lemma canonical_successor_satisfying:
  assumes M: "mcs G" and c: "Bullet c \<in> G" and "Nabla c \<in> G"
  shows "\<exists>D. mcs D \<and> canonical_rel G D \<and> c \<in> D"
proof (rule canonical_successor[OF M c])
  fix a assume "a \<in> canonical_core G c" and "K4 (Imp a (Neg c))"
  let ?k = "Imp (Neg c) a"
  have a: "Nabla a \<notin> G" "Bullet ?k \<notin> G"
    using \<open>a \<in> canonical_core G c\<close> by (simp_all add: canonical_core_def mcs_connectives[OF M])
  have "K4 (Iff c (Conj ?k (Neg a)))"
    using \<open>K4 (Imp a (Neg c))\<close> by (rule K4_tautological_mp) (auto simp: tautology_defs)
  then have "Nabla (Conj ?k (Neg a)) \<in> G"
    using assms(3) mcs_Nabla_cong[OF M] by blast
  then have "Nabla ?k \<in> G \<or> Nabla (Neg a) \<in> G"
    using mcs_theorem[OF M K4.A4[of ?k "Neg a"]] by (simp add: mcs_connectives[OF M])
  moreover have "Nabla (Neg a) \<notin> G"
    using a(1) mcs_theorem[OF M K4.A2[of a]] by (simp add: mcs_connectives[OF M])
  moreover have "c \<in> G"
    using c mcs_theorem[OF M K4.A1[of c]] by (simp add: mcs_connectives[OF M])
  ultimately show False
    using a(2) mcs_theorem[OF M K4.A6[of ?k]] mcs_theorem[OF M K4.A1[of "Neg ?k"]]
    by (simp add: mcs_connectives[OF M])
qed

lemma mcs_Bullet_iff:
  assumes M: "mcs G"
  shows "Bullet a \<in> G \<longleftrightarrow> a \<in> G \<and> (\<exists>D. mcs D \<and> canonical_rel G D \<and> a \<notin> D)"
proof
  assume b: "Bullet a \<in> G"
  then have "a \<in> G"
    using mcs_theorem[OF M K4.A1[of a]] by (simp add: mcs_connectives[OF M])
  with canonical_successor_refuting[OF M b] show "a \<in> G \<and> (\<exists>D. mcs D \<and> canonical_rel G D \<and> a \<notin> D)"
    using mcs_Neg by blast
next
  assume "a \<in> G \<and> (\<exists>D. mcs D \<and> canonical_rel G D \<and> a \<notin> D)"
  then obtain D \<psi> where "a \<in> G" "canonical_core G \<psi> \<subseteq> D" "a \<notin> D"
    unfolding canonical_rel_def by blast
  then show "Bullet a \<in> G"
    using canonical_core_if_not_Bullet[OF M] by blast
qed

lemma mcs_Nabla_iff:
  assumes M: "mcs G"
  shows "Nabla a \<in> G \<longleftrightarrow>
    (\<exists>D D'. mcs D \<and> mcs D' \<and> canonical_rel G D \<and> canonical_rel G D' \<and> a \<in> D \<and> a \<notin> D')"
    (is "_ \<longleftrightarrow> ?splits")
proof
  assume n: "Nabla a \<in> G"
  then have "Bullet a \<in> G \<or> Bullet (Neg a) \<in> G"
    using mcs_theorem[OF M K4.A6[of a]] by (simp add: mcs_connectives[OF M])
  then show ?splits
  proof
    assume "Bullet a \<in> G"
    with canonical_successor_satisfying[OF M _ n] canonical_successor_refuting[OF M]
    show ?splits
      using mcs_Neg by blast
  next
    assume b: "Bullet (Neg a) \<in> G"
    moreover have "Nabla (Neg a) \<in> G"
      using n mcs_theorem[OF M K4.A2[of a]] by (simp add: mcs_connectives[OF M])
    ultimately show ?splits
      using canonical_successor_satisfying[OF M] canonical_successor_refuting[OF M b] mcs_Neg
      by metis
  qed
next
  assume ?splits
  then obtain D D' \<psi> where D: "mcs D" "a \<in> D" "a \<notin> D'"
    and \<psi>: "Bullet \<psi> \<in> G" "canonical_core G \<psi> \<subseteq> D"
    and D': "canonical_rel G D'"
    unfolding canonical_rel_def by blast
  have "canonical_core G \<psi> \<subseteq> D'"
    using D' canonical_core_subset[OF M \<psi>(1)] unfolding canonical_rel_def by blast
  show "Nabla a \<in> G"
  proof (rule ccontr)
    assume "Nabla a \<notin> G"
    then have "a \<in> canonical_core G \<psi> \<or> Neg a \<in> canonical_core G \<psi>"
      using canonical_core_cases[OF M] mcs_Delta[OF M] by blast
    with D \<psi>(2) \<open>canonical_core G \<psi> \<subseteq> D'\<close> show False
      using mcs_Neg[OF D(1)] by blast
  qed
qed


section \<open>The canonical model\<close>

text \<open>The theorem quantifies over models whose states have type \<open>'p form set set\<close>, so a
  maximal consistent set G is represented by the state {G}.\<close>

definition canonical_states :: "'p form set set set" where
  "canonical_states = {{G} | G. mcs G}"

-- YOUR OBJECTIVE --
Among the records, find each line where the word "have" occurs, and copy it.

-- PROBLEM SOLUTION --
  have a: "Nabla a \<notin> G" "Bullet ?k \<notin> G"
  have "K4 (Iff c (Conj ?k (Neg a)))"
  then have "Nabla (Conj ?k (Neg a)) \<in> G"
  then have "Nabla ?k \<in> G \<or> Nabla (Neg a) \<in> G"
  moreover have "Nabla (Neg a) \<notin> G"
  moreover have "c \<in> G"
  then have "a \<in> G"
  then have "Bullet a \<in> G \<or> Bullet (Neg a) \<in> G"
    moreover have "Nabla (Neg a) \<in> G"
  have "canonical_core G \<psi> \<subseteq> D'"
    then have "a \<in> canonical_core G \<psi> \<or> Neg a \<in> canonical_core G \<psi>"
text \<open>The theorem quantifies over models whose states have type \<open>'p form set set\<close>, so a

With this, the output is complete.